Create Training And Validation Datasets
# create a list of 80% of the rows in the original dataset
val_index <- createDataPartition(iris_norm$Species, p=0.80, list=FALSE)
# select 20% of the data for validation
validation <- iris_norm[-val_index,]
# use the remaining 80% of data to training and testing the models
train <- iris_norm[val_index,]
Instantiate Algorithms And Train
# Validation parameters
ctrl <- trainControl(method="cv", number=10)
me <- "Accuracy"
# Classification parameters
fx <- Species~.
# Instantiate algorithms: Fisher's linear discriminant analysis (LDA)
f_lda<-train(fx,data=train,method="lda",metric=me,trControl=ctrl)
# Regularized Logistic Regression
f_lrl<-train(fx,data=train,method="regLogistic",metric=me,trControl=ctrl)
# Naive Bayes (NB)
f_nb<-train(fx,data=train,method="naive_bayes",metric=me,trControl=ctrl)
# Quadratic Discriminant Analysis
f_qda<-train(fx,data=train,method="qda",metric=me,trControl=ctrl)
# Support Vector Machines (SVM)
f_svm1<-train(fx,data=train,method="svmLinear",metric=me,trControl=ctrl)
f_svm2<-train(fx,data=train,method="svmRadial",metric=me,trControl=ctrl)
f_svm3<-train(fx,data=train,method="svmPoly",metric=me,trControl=ctrl)
# Learning vector quantization (LVQ)
f_lvq<-train(fx,data=train,method="lvq",metric=me,trControl=ctrl)
# Classification and regression trees (CART)
f_cart<-train(fx,data=train,method="rpart",metric=me,trControl=ctrl)
# K-nearest neighbours (KNN)
f_knn<-train(fx,data=train,method="knn",metric=me,trControl=ctrl,
tuneGrid = expand.grid(k=c(5,7,10,15,19,21))
)
# Random forest
f_rf<-train(fx,data=train,method="rf",metric=me,trControl=ctrl)
Show Accuracy Of The Algorithms
# Summarize accuracy
results <- resamples(list(
lda=f_lda, cart=f_lrl, nb=f_nb, qda=f_qda,
svm1=f_svm1, svm2=f_svm2, svm3=f_svm3, lvq=f_lvq,
cart=f_cart, knn=f_knn, rf=fit.rf))
summary(results)
# Plot accuracy
bwplot(results, metric = "Accuracy")
Display Model Information
# Print out model information
print(f_lda)
Predict Labels Of Validation Dataset
# Predict labels of validation dataset
predictions <- predict(f_lda, validation)
Generate Confusion Matrix
confusionMatrix(predictions, validation$Species)
Confusion matrix tells us LDA model was able to properly label 29 out of the 30 validation data points, which represents 96.67% of the validation cases.
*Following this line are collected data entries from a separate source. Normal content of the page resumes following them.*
lemma card_bounded_subset:
  assumes "E \<subseteq> {..<p}"
  shows "card {j. j < p \<and> j \<in> E} = card E"
proof -
  have "{j. j < p \<and> j \<in> E} = E" using assms by auto
  then show ?thesis by simp
qed

lemma dim_submatrix_cols:
  assumes X: "X \<in> carrier_mat n p" and E: "E \<subseteq> {..<p}"
  shows "dim_row (submatrix X UNIV E) = n" and "dim_col (submatrix X UNIV E) = card E"
proof -
  have "{i. i < dim_row X \<and> i \<in> UNIV} = {..<n}" using X by auto
  then show "dim_row (submatrix X UNIV E) = n" unfolding dim_submatrix by simp
  show "dim_col (submatrix X UNIV E) = card E"
    unfolding dim_submatrix using X card_bounded_subset[OF E] by simp
qed

lemma submatrix_cols_carrier:
  assumes "X \<in> carrier_mat n p" and "E \<subseteq> {..<p}"
  shows "submatrix X UNIV E \<in> carrier_mat n (card E)"
  using dim_submatrix_cols[OF assms] by (intro carrier_matI)

lemma submatrix_cols_index:
  assumes X: "X \<in> carrier_mat n p" and E: "E \<subseteq> {..<p}" and "a < n" "k < card E"
  shows "submatrix X UNIV E $$ (a, k) = X $$ (a, pick E k)"
proof -
  have "a < card {i. i < dim_row X \<and> i \<in> UNIV}" "k < card {j. j < dim_col X \<and> j \<in> E}"
    using dim_submatrix_cols[OF X E] assms(3,4) unfolding dim_submatrix by simp_all
  then show ?thesis by (simp only: submatrix_index pick_UNIV)
qed

lemma subvec_carrier:
  assumes "v \<in> carrier_vec p" "E \<subseteq> {..<p}"
  shows "subvec v E \<in> carrier_vec (card E)"
  using assms card_bounded_subset[of E p] by (simp add: subvec_def)

lemma subvec_index:
  assumes "v \<in> carrier_vec p" "E \<subseteq> {..<p}" "k < card E"
  shows "subvec v E $ k = v $ pick E k"
  using assms card_bounded_subset[of E p] by (simp add: subvec_def)

lemma pick_bounded:
  assumes "E \<subseteq> {..<p}" "k < card E"
  shows "pick E k \<in> E" and "pick E k < p"
  using assms pick_in_set[of k E] by auto

lemma submatrix_mult_subvec:
  assumes X: "X \<in> carrier_mat n p" and b: "b \<in> carrier_vec p" and E: "E \<subseteq> {..<p}"
    and supp: "\<And>i. i < p \<Longrightarrow> i \<notin> E \<Longrightarrow> b $ i = 0"
  shows "submatrix X UNIV E *\<^sub>v subvec b E = X *\<^sub>v b"
proof (rule eq_vecI)
  have XE: "submatrix X UNIV E \<in> carrier_mat n (card E)" using submatrix_cols_carrier[OF X E] .
  then show "dim_vec (submatrix X UNIV E *\<^sub>v subvec b E) = dim_vec (X *\<^sub>v b)" using X by simp
  fix a assume "a < dim_vec (X *\<^sub>v b)"
  then have a: "a < n" using X by simp
  have "(submatrix X UNIV E *\<^sub>v subvec b E) $ a = (\<Sum>k<card E. X $$ (a, pick E k) * b $ pick E k)"
    using XE a subvec_carrier[OF b E] submatrix_cols_index[OF X E a] subvec_index[OF b E]
    by (simp add: scalar_prod_def atLeast0LessThan)
  also have "\<dots> = (\<Sum>j\<in>E. X $$ (a, j) * b $ j)"
    using E by (intro sum_pick) (auto intro: finite_subset)
  also have "\<dots> = (\<Sum>j<p. X $$ (a, j) * b $ j)"
    using E supp by (intro sum.mono_neutral_left) auto
  also have "\<dots> = (X *\<^sub>v b) $ a" using X a b by (simp add: scalar_prod_def atLeast0LessThan)
  finally show "(submatrix X UNIV E *\<^sub>v subvec b E) $ a = (X *\<^sub>v b) $ a" .
qed

lemma transpose_submatrix_mult_vec_index:
  assumes X: "X \<in> carrier_mat n p" and E: "E \<subseteq> {..<p}" and w: "w \<in> carrier_vec n"
    and k: "k < card E"
  shows "((submatrix X UNIV E)\<^sup>T *\<^sub>v w) $ k = col X (pick E k) \<bullet> w"
proof -
  have "((submatrix X UNIV E)\<^sup>T *\<^sub>v w) $ k = (\<Sum>a = 0..<n. X $$ (a, pick E k) * w $ a)"
    using submatrix_cols_carrier[OF X E] submatrix_cols_index[OF X E _ k] w k
    by (simp add: scalar_prod_def)
  also have "\<dots> = col X (pick E k) \<bullet> w" using X w pick_bounded[OF E k] by (simp add: scalar_prod_def)
  finally show ?thesis .
qed

lemma ridge_gram_mult_vec:
  fixes A :: "'a :: comm_ring_1 mat"
  assumes A: "A \<in> carrier_mat n m" and v: "v \<in> carrier_vec m"
  shows "(A\<^sup>T * A + c \<cdot>\<^sub>m 1\<^sub>m m) *\<^sub>v v = A\<^sup>T *\<^sub>v (A *\<^sub>v v) + c \<cdot>\<^sub>v v"
proof -
  have "(c \<cdot>\<^sub>m 1\<^sub>m m) *\<^sub>v v = c \<cdot>\<^sub>v v" using v by (intro eq_vecI) auto
  then show ?thesis
    using A v by (simp add: add_mult_distrib_mat_vec[of _ m m] assoc_mult_mat_vec[of _ m n])
qed

lemma ridge_gram_det_nonzero:
  fixes A :: "real mat"
  assumes A: "A \<in> carrier_mat n m" and c: "c > 0"
  shows "det (A\<^sup>T * A + c \<cdot>\<^sub>m 1\<^sub>m m) \<noteq> 0"
proof -
  let ?M = "A\<^sup>T * A + c \<cdot>\<^sub>m 1\<^sub>m m"
  have "v = 0\<^sub>v m" if v: "v \<in> carrier_vec m" and Mv: "?M *\<^sub>v v = 0\<^sub>v m" for v
  proof -
    have Av: "A *\<^sub>v v \<in> carrier_vec n" using A v by simp
    have "0 = v \<bullet> (?M *\<^sub>v v)" using Mv v by simp
    also have "\<dots> = v \<bullet> (A\<^sup>T *\<^sub>v (A *\<^sub>v v)) + c * (v \<bullet> v)"
      using A v by (simp add: ridge_gram_mult_vec scalar_prod_add_distrib[of _ m])
    also have "v \<bullet> (A\<^sup>T *\<^sub>v (A *\<^sub>v v)) = (A *\<^sub>v v) \<bullet> (A *\<^sub>v v)"
      using comm_scalar_prod[of v m "A\<^sup>T *\<^sub>v (A *\<^sub>v v)"] transpose_vec_mult_scalar[OF A v Av] A v
      by simp
    finally have sum0: "(A *\<^sub>v v) \<bullet> (A *\<^sub>v v) + c * (v \<bullet> v) = 0" by simp
    have "v \<bullet> v \<ge> 0" "(A *\<^sub>v v) \<bullet> (A *\<^sub>v v) \<ge> 0"
      using conjugate_square_ge_0_vec[of v] conjugate_square_ge_0_vec[of "A *\<^sub>v v"] by simp_all
    then have "v \<bullet> v = 0" using sum0 c by (smt (verit) mult_pos_pos)
    then show "v = 0\<^sub>v m" using conjugate_square_eq_0_vec[OF v] by simp
  qed
  then show ?thesis using det_0_iff_vec_prod_zero[of ?M m] A by auto
qed

lemma mat_inverse_mult_cancel:
  fixes M :: "'a :: field mat"
  assumes M: "M \<in> carrier_mat m m" and det: "det M \<noteq> 0" and v: "v \<in> carrier_vec m"
  shows "the (mat_inverse M) *\<^sub>v (M *\<^sub>v v) = v"
proof -
  have "M \<in> Units (ring_mat TYPE('a) m ())" using det_non_zero_imp_unit[OF M det] .
  then obtain B where B: "mat_inverse M = Some B" using mat_inverse(1)[OF M] by fastforce
  then have "B * M = 1\<^sub>m m" "B \<in> carrier_mat m m" using mat_inverse(2)[OF M] by auto
  then show ?thesis using B M v by (simp add: assoc_mult_mat_vec[symmetric, of B m m M m v])
qed

lemma exclusive_lasso_normal_equations:
  fixes X :: "real mat" and y b s :: "real vec" and lam :: real and G :: "nat set set"
  defines "E \<equiv> equicorr_set X y lam G b"
  assumes X: "X \<in> carrier_mat n p" and y: "y \<in> carrier_vec n" and G: "group_partition G p"
    and b: "is_exclusive_lasso X y lam G b" and lam: "lam \<ge> 0"
    and s_dim: "dim_vec s = card E"
    and s_opt: "\<And>k. k < card E \<Longrightarrow>
        (b $ pick E k \<noteq> 0 \<longrightarrow> s $ k = sgn (b $ pick E k)) \<and>
        col X (pick E k) \<bullet> (y - X *\<^sub>v b) = lam * (s $ k * group_l1 G b (pick E k))"
  shows "((submatrix X UNIV E)\<^sup>T * submatrix X UNIV E + lam \<cdot>\<^sub>m 1\<^sub>m (card E)) *\<^sub>v subvec b E
         = (submatrix X UNIV E)\<^sup>T *\<^sub>v y - lam \<cdot>\<^sub>v vec_hadamard (gamma' G b E) s"
proof -
  define XE where "XE = submatrix X UNIV E"
  have bc: "b \<in> carrier_vec p" using b X by (simp add: is_exclusive_lasso_def)
  have E: "E \<subseteq> {..<p}" using X by (auto simp: E_def equicorr_set_def)
  have XE: "XE \<in> carrier_mat n (card E)" unfolding XE_def using submatrix_cols_carrier[OF X E] .
  have bE: "subvec b E \<in> carrier_vec (card E)" using subvec_carrier[OF bc E] .
  have XEb: "XE *\<^sub>v subvec b E = X *\<^sub>v b"
    unfolding XE_def using exclusive_lasso_support_subset_equicorr_set[OF X y G b lam]
    by (intro submatrix_mult_subvec[OF X bc E]) (auto simp: E_def)
  show ?thesis
    unfolding XE_def[symmetric]
  proof (rule eq_vecI)
    fix k assume "k < dim_vec (XE\<^sup>T *\<^sub>v y - lam \<cdot>\<^sub>v vec_hadamard (gamma' G b E) s)"
    then have k: "k < card E" using XE s_dim by (simp add: vec_hadamard_def gamma'_def)
    define i where "i = pick E k"
    have opt: "(b $ i \<noteq> 0 \<longrightarrow> s $ k = sgn (b $ i)) \<and> col X i \<bullet> (y - X *\<^sub>v b) = lam * (s $ k * group_l1 G b i)"
      using s_opt k by (simp add: i_def)
    \<comment> \<open>the sign condition turns \<open>b\<^sub>i\<close> into \<open>s\<^sub>k \<bar>b\<^sub>i\<bar>\<close>, also when \<open>b\<^sub>i = 0\<close>\<close>
    have b_i: "b $ i = s $ k * \<bar>b $ i\<bar>" using opt by (cases "b $ i = 0") (auto simp: sgn_mult_abs)
    have "col X i \<bullet> (y - X *\<^sub>v b) = col X i \<bullet> y - col X i \<bullet> (X *\<^sub>v b)"
      using X y bc by (intro scalar_prod_minus_distrib[of _ n]) auto
    moreover have "((XE\<^sup>T * XE + lam \<cdot>\<^sub>m 1\<^sub>m (card E)) *\<^sub>v subvec b E) $ k
                   = col X i \<bullet> (X *\<^sub>v b) + lam * b $ i"
      using ridge_gram_mult_vec[OF XE bE] XEb k bE X bc
        transpose_submatrix_mult_vec_index[OF X E _ k, of "X *\<^sub>v b"] subvec_index[OF bc E k]
      by (simp add: XE_def i_def)
    moreover have "(XE\<^sup>T *\<^sub>v y - lam \<cdot>\<^sub>v vec_hadamard (gamma' G b E) s) $ k
                   = col X i \<bullet> y - lam * ((group_l1 G b i - \<bar>b $ i\<bar>) * s $ k)"
      using k XE y s_dim transpose_submatrix_mult_vec_index[OF X E y k]
      by (simp add: XE_def vec_hadamard_def gamma'_def i_def)
    ultimately show "((XE\<^sup>T * XE + lam \<cdot>\<^sub>m 1\<^sub>m (card E)) *\<^sub>v subvec b E) $ k
                   = (XE\<^sup>T *\<^sub>v y - lam \<cdot>\<^sub>v vec_hadamard (gamma' G b E) s) $ k"
      using opt b_i by (simp add: algebra_simps)
  qed (use XE s_dim in \<open>simp add: vec_hadamard_def gamma'_def\<close>)
qed

theorem proposition2:
  fixes X :: "real mat" and y :: "real vec" and lam :: real and G :: "nat set set"
    and n p :: nat and b s :: "real vec"
  assumes X: "X \<in> carrier_mat n p"
    and y: "y \<in> carrier_vec n"
    and centered: "(\<Sum>i<n. y $ i) = 0"
    and lam: "lam > 0"
    and G: "group_partition G p"
    and b: "is_exclusive_lasso X y lam G b"
    and s_dim: "dim_vec s = card (equicorr_set X y lam G b)"
    and s_sign: "\<forall>k < card (equicorr_set X y lam G b). s $ k = 1 \<or> s $ k = -1"
    and s_opt: "\<forall>k < card (equicorr_set X y lam G b).
        let i = pick (equicorr_set X y lam G b) k in
          (b $ i \<noteq> 0 \<longrightarrow> s $ k = sgn (b $ i)) \<and>
          col X i \<bullet> (y - X *\<^sub>v b) = lam * (s $ k * group_l1 G b i)"
  shows "(let E = equicorr_set X y lam G b; XE = submatrix X UNIV E in
           subvec b E = the (mat_inverse (XE\<^sup>T * XE + lam \<cdot>\<^sub>m 1\<^sub>m (card E)))
                          *\<^sub>v (XE\<^sup>T *\<^sub>v y - lam \<cdot>\<^sub>v vec_hadamard (gamma' G b E) s))
         \<and> (\<forall>i < p. i \<notin> equicorr_set X y lam G b \<longrightarrow> b $ i = 0)"
proof -
  define E where "E = equicorr_set X y lam G b"
  define XE where "XE = submatrix X UNIV E"
  define M where "M = XE\<^sup>T * XE + lam \<cdot>\<^sub>m 1\<^sub>m (card E)"
  have bc: "b \<in> carrier_vec p" using b X by (simp add: is_exclusive_lasso_def)
  have E: "E \<subseteq> {..<p}" using X by (auto simp: E_def equicorr_set_def)
  have XE: "XE \<in> carrier_mat n (card E)" unfolding XE_def using submatrix_cols_carrier[OF X E] .
  have supp: "\<forall>i < p. i \<notin> E \<longrightarrow> b $ i = 0"
    using exclusive_lasso_support_subset_equicorr_set[OF X y G b] lam by (auto simp: E_def)
  have normal: "M *\<^sub>v subvec b E = XE\<^sup>T *\<^sub>v y - lam \<cdot>\<^sub>v vec_hadamard (gamma' G b E) s"
    unfolding M_def XE_def E_def
    using exclusive_lasso_normal_equations[OF X y G b] lam s_dim s_opt by (simp add: Let_def)
  have "subvec b E = the (mat_inverse M) *\<^sub>v (M *\<^sub>v subvec b E)"
    using mat_inverse_mult_cancel[OF _ _ subvec_carrier[OF bc E], of M]
      ridge_gram_det_nonzero[OF XE lam] XE by (simp add: M_def)
  also note normal
  finally have "subvec b E = the (mat_inverse M) *\<^sub>v (XE\<^sup>T *\<^sub>v y - lam \<cdot>\<^sub>v vec_hadamard (gamma' G b E) s)" .
  then show ?thesis using supp by (simp add: Let_def E_def XE_def M_def)
qed

end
The only data point misclasified was a virginica flower which was labeled as a versicolor.
And voilà!, we have already run several classification algorithms and selected the best one for our problem. Now we can use it for classifying new data points.
Try it, share your experience and provide feedback!